PROBLEM TO WORK ON. Every line of the listing must be repeated in the answer without alteration.

[[ DATASET RECORDS open ]]

definition cond_ratio :: "'a measure \<Rightarrow> ('a \<Rightarrow> real) \<Rightarrow> ('a \<Rightarrow> real) \<Rightarrow> real \<Rightarrow> real \<Rightarrow> real \<Rightarrow> real" where
  "cond_ratio M X Y x y t =
     measure M {\<omega>\<in>space M. X \<omega> > x \<and> Y \<omega> \<in> {y..<y+t}} / measure M {\<omega>\<in>space M. Y \<omega> \<in> {y..<y+t}}"

definition cond_tail_exists :: "'a measure \<Rightarrow> ('a \<Rightarrow> real) \<Rightarrow> ('a \<Rightarrow> real) \<Rightarrow> real \<Rightarrow> real \<Rightarrow> bool" where
  "cond_tail_exists M X Y x y \<longleftrightarrow>
     (\<forall>\<^sub>F t in at_right 0. measure M {\<omega>\<in>space M. Y \<omega> \<in> {y..<y+t}} > 0) \<and>
     (\<exists>L. (cond_ratio M X Y x y \<longlongrightarrow> L) (at_right 0))"

definition cond_tail :: "'a measure \<Rightarrow> ('a \<Rightarrow> real) \<Rightarrow> ('a \<Rightarrow> real) \<Rightarrow> real \<Rightarrow> real \<Rightarrow> real" where
  "cond_tail M X Y x y = Lim (at_right 0) (cond_ratio M X Y x y)"

text \<open>(X,Y) is conditionally dependent (CD) with function s.
  The uniform condition lim_{x\<rightarrow>\<infinity>} sup_{y\<in>D_Y} |...| = 0 is written out with epsilons.\<close>
definition CD :: "'a measure \<Rightarrow> ('a \<Rightarrow> real) \<Rightarrow> ('a \<Rightarrow> real) \<Rightarrow> (real \<Rightarrow> real) \<Rightarrow> bool" where
  "CD M X Y s \<longleftrightarrow>
     X \<in> borel_measurable M \<and> Y \<in> borel_measurable M \<and>
     (\<forall>\<omega>\<in>space M. Y \<omega> > 0) \<and>
     (\<forall>x. tailF M X x > 0) \<and>
     s \<in> borel_measurable (restrict_space borel {0<..}) \<and> (\<forall>y>0. s y > 0) \<and>
     (\<forall>x. \<forall>y\<in>D_Y M Y. cond_tail_exists M X Y x y) \<and>
     (\<forall>\<epsilon>>0. \<forall>\<^sub>F x in at_top. \<forall>y\<in>D_Y M Y.
        \<bar>cond_tail M X Y x y / (tailF M X x * s y) - 1\<bar> \<le> \<epsilon>)"

end

theory Submission
  imports Defs
begin

text \<open>If \<open>X\<close> and \<open>Y\<close> are independent, every ratio
  \<open>P(X > x, Y \<in> [y, y + t)) / P(Y \<in> [y, y + t))\<close> equals \<open>P(X > x)\<close>, so the ratio in the
  CD condition is identically \<open>1 / s y\<close> and must tend to \<open>1\<close>. Conversely, \<open>s\<close> only sees the
  joint law on the events \<open>X > x\<close> for large \<open>x\<close>. In the counterexample \<open>Y\<close> is a fair coin with
  values \<open>1, 2\<close> and \<open>X\<close> an independent geometric variable, except that \<open>X\<close> is moved to \<open>-1\<close> on
  the atom \<open>{X = 0, Y = 1}\<close>: this destroys independence but leaves
  \<open>P(X > x, Y = y) = P(X > x) P(Y = y)\<close> for all \<open>x \<ge> 0\<close>, so \<open>s = 1\<close>.\<close>

lemma cond_tail_eqI:
  assumes "(cond_ratio M X Y x y \<longlongrightarrow> c) (at_right 0)"
  shows "cond_tail M X Y x y = c"
  using assms unfolding cond_tail_def
  by (intro tendsto_Lim) (auto simp: trivial_limit_at_right_real)

lemma CD_ratio_tendsto:
  assumes "CD M X Y s" and "y \<in> D_Y M Y"
  shows "((\<lambda>x. cond_tail M X Y x y / tailF M X x) \<longlongrightarrow> s y) at_top"
proof -
  have "s y > 0" using assms by (auto simp: CD_def D_Y_def)
  have "((\<lambda>x. cond_tail M X Y x y / tailF M X x / s y) \<longlongrightarrow> 1) at_top"
    unfolding tendsto_iff dist_real_def
  proof (intro allI impI)
    fix e :: real assume "e > 0"
    then have "\<forall>\<^sub>F x in at_top. \<forall>y\<in>D_Y M Y. \<bar>cond_tail M X Y x y / (tailF M X x * s y) - 1\<bar> \<le> e / 2"
      using assms(1) unfolding CD_def by (meson half_gt_zero)
    then show "\<forall>\<^sub>F x in at_top. \<bar>cond_tail M X Y x y / tailF M X x / s y - 1\<bar> < e"
      by eventually_elim (use assms(2) \<open>e > 0\<close> in fastforce)
  qed
  then have "((\<lambda>x. cond_tail M X Y x y / tailF M X x / s y * s y) \<longlongrightarrow> 1 * s y) at_top"
    by (rule tendsto_mult_right)
  then show ?thesis using \<open>s y > 0\<close> by simp
qed

lemma (in prob_space) cond_ratio_indep:
  assumes "indep_var borel X borel Y"
    and "measure M {\<omega>\<in>space M. Y \<omega> \<in> {y..<y+t}} \<noteq> 0"
  shows "cond_ratio M X Y x y t = tailF M X x"
proof -
  have "prob ((\<lambda>\<omega>. (X \<omega>, Y \<omega>)) -` ({x<..} \<times> {y..<y+t}) \<inter> space M) =
      prob (X -` {x<..} \<inter> space M) * prob (Y -` {y..<y+t} \<inter> space M)"
    by (rule indep_varD[OF assms(1)]) auto
  then have "prob {\<omega>\<in>space M. X \<omega> > x \<and> Y \<omega> \<in> {y..<y+t}} =
      tailF M X x * prob {\<omega>\<in>space M. Y \<omega> \<in> {y..<y+t}}"
    unfolding tailF_def by (simp add: vimage_def Int_def conj_commute)
  with assms(2) show ?thesis by (simp add: cond_ratio_def)
qed

lemma (in prob_space) cond_tail_indep:
  assumes "indep_var borel X borel Y" and "cond_tail_exists M X Y x y"
  shows "cond_tail M X Y x y = tailF M X x"
proof (rule cond_tail_eqI, rule tendsto_eventually)
  have "\<forall>\<^sub>F t in at_right 0. measure M {\<omega>\<in>space M. Y \<omega> \<in> {y..<y+t}} > 0"
    using assms(2) by (simp add: cond_tail_exists_def)
  then show "\<forall>\<^sub>F t in at_right 0. cond_ratio M X Y x y t = tailF M X x"
    by eventually_elim (simp add: cond_ratio_indep[OF assms(1)])
qed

[[ DATASET RECORDS closed ]]

WRITTEN ANSWER.
definition cond_ratio :: "'a measure \<Rightarrow> ('a \<Rightarrow> real) \<Rightarrow> ('a \<Rightarrow> real) \<Rightarrow> real \<Rightarrow> real \<Rightarrow> real \<Rightarrow> real" where
  "cond_ratio M X Y x y t =
     measure M {\<omega>\<in>space M. X \<omega> > x \<and> Y \<omega> \<in> {y..<y+t}} / measure M {\<omega>\<in>space M. Y \<omega> \<in> {y..<y+t}}"

definition cond_tail_exists :: "'a measure \<Rightarrow> ('a \<Rightarrow> real) \<Rightarrow> ('a \<Rightarrow> real) \<Rightarrow> real \<Rightarrow> real \<Rightarrow> bool" where
  "cond_tail_exists M X Y x y \<longleftrightarrow>
     (\<forall>\<^sub>F t in at_right 0. measure M {\<omega>\<in>space M. Y \<omega> \<in> {y..<y+t}} > 0) \<and>
     (\<exists>L. (cond_ratio M X Y x y \<longlongrightarrow> L) (at_right 0))"

definition cond_tail :: "'a measure \<Rightarrow> ('a \<Rightarrow> real) \<Rightarrow> ('a \<Rightarrow> real) \<Rightarrow> real \<Rightarrow> real \<Rightarrow> real" where
  "cond_tail M X Y x y = Lim (at_right 0) (cond_ratio M X Y x y)"

text \<open>(X,Y) is conditionally dependent (CD) with function s.
  The uniform condition lim_{x\<rightarrow>\<infinity>} sup_{y\<in>D_Y} |...| = 0 is written out with epsilons.\<close>
definition CD :: "'a measure \<Rightarrow> ('a \<Rightarrow> real) \<Rightarrow> ('a \<Rightarrow> real) \<Rightarrow> (real \<Rightarrow> real) \<Rightarrow> bool" where
  "CD M X Y s \<longleftrightarrow>
     X \<in> borel_measurable M \<and> Y \<in> borel_measurable M \<and>
     (\<forall>\<omega>\<in>space M. Y \<omega> > 0) \<and>
     (\<forall>x. tailF M X x > 0) \<and>
     s \<in> borel_measurable (restrict_space borel {0<..}) \<and> (\<forall>y>0. s y > 0) \<and>
     (\<forall>x. \<forall>y\<in>D_Y M Y. cond_tail_exists M X Y x y) \<and>
     (\<forall>\<epsilon>>0. \<forall>\<^sub>F x in at_top. \<forall>y\<in>D_Y M Y.
        \<bar>cond_tail M X Y x y / (tailF M X x * s y) - 1\<bar> \<le> \<epsilon>)"

end

theory Submission
  imports Defs
begin

text \<open>If \<open>X\<close> and \<open>Y\<close> are independent, every ratio
  \<open>P(X > x, Y \<in> [y, y + t)) / P(Y \<in> [y, y + t))\<close> equals \<open>P(X > x)\<close>, so the ratio in the
  CD condition is identically \<open>1 / s y\<close> and must tend to \<open>1\<close>. Conversely, \<open>s\<close> only sees the
  joint law on the events \<open>X > x\<close> for large \<open>x\<close>. In the counterexample \<open>Y\<close> is a fair coin with
  values \<open>1, 2\<close> and \<open>X\<close> an independent geometric variable, except that \<open>X\<close> is moved to \<open>-1\<close> on
  the atom \<open>{X = 0, Y = 1}\<close>: this destroys independence but leaves
  \<open>P(X > x, Y = y) = P(X > x) P(Y = y)\<close> for all \<open>x \<ge> 0\<close>, so \<open>s = 1\<close>.\<close>

lemma cond_tail_eqI:
  assumes "(cond_ratio M X Y x y \<longlongrightarrow> c) (at_right 0)"
  shows "cond_tail M X Y x y = c"
  using assms unfolding cond_tail_def
  by (intro tendsto_Lim) (auto simp: trivial_limit_at_right_real)

lemma CD_ratio_tendsto:
  assumes "CD M X Y s" and "y \<in> D_Y M Y"
  shows "((\<lambda>x. cond_tail M X Y x y / tailF M X x) \<longlongrightarrow> s y) at_top"
proof -
  have "s y > 0" using assms by (auto simp: CD_def D_Y_def)
  have "((\<lambda>x. cond_tail M X Y x y / tailF M X x / s y) \<longlongrightarrow> 1) at_top"
    unfolding tendsto_iff dist_real_def
  proof (intro allI impI)
    fix e :: real assume "e > 0"
    then have "\<forall>\<^sub>F x in at_top. \<forall>y\<in>D_Y M Y. \<bar>cond_tail M X Y x y / (tailF M X x * s y) - 1\<bar> \<le> e / 2"
      using assms(1) unfolding CD_def by (meson half_gt_zero)
    then show "\<forall>\<^sub>F x in at_top. \<bar>cond_tail M X Y x y / tailF M X x / s y - 1\<bar> < e"
      by eventually_elim (use assms(2) \<open>e > 0\<close> in fastforce)
  qed
  then have "((\<lambda>x. cond_tail M X Y x y / tailF M X x / s y * s y) \<longlongrightarrow> 1 * s y) at_top"
    by (rule tendsto_mult_right)
  then show ?thesis using \<open>s y > 0\<close> by simp
qed

lemma (in prob_space) cond_ratio_indep:
  assumes "indep_var borel X borel Y"
    and "measure M {\<omega>\<in>space M. Y \<omega> \<in> {y..<y+t}} \<noteq> 0"
  shows "cond_ratio M X Y x y t = tailF M X x"
proof -
  have "prob ((\<lambda>\<omega>. (X \<omega>, Y \<omega>)) -` ({x<..} \<times> {y..<y+t}) \<inter> space M) =
      prob (X -` {x<..} \<inter> space M) * prob (Y -` {y..<y+t} \<inter> space M)"
    by (rule indep_varD[OF assms(1)]) auto
  then have "prob {\<omega>\<in>space M. X \<omega> > x \<and> Y \<omega> \<in> {y..<y+t}} =
      tailF M X x * prob {\<omega>\<in>space M. Y \<omega> \<in> {y..<y+t}}"
    unfolding tailF_def by (simp add: vimage_def Int_def conj_commute)
  with assms(2) show ?thesis by (simp add: cond_ratio_def)
qed

lemma (in prob_space) cond_tail_indep:
  assumes "indep_var borel X borel Y" and "cond_tail_exists M X Y x y"
  shows "cond_tail M X Y x y = tailF M X x"
proof (rule cond_tail_eqI, rule tendsto_eventually)
  have "\<forall>\<^sub>F t in at_right 0. measure M {\<omega>\<in>space M. Y \<omega> \<in> {y..<y+t}} > 0"
    using assms(2) by (simp add: cond_tail_exists_def)
  then show "\<forall>\<^sub>F t in at_right 0. cond_ratio M X Y x y t = tailF M X x"
    by eventually_elim (simp add: cond_ratio_indep[OF assms(1)])
qed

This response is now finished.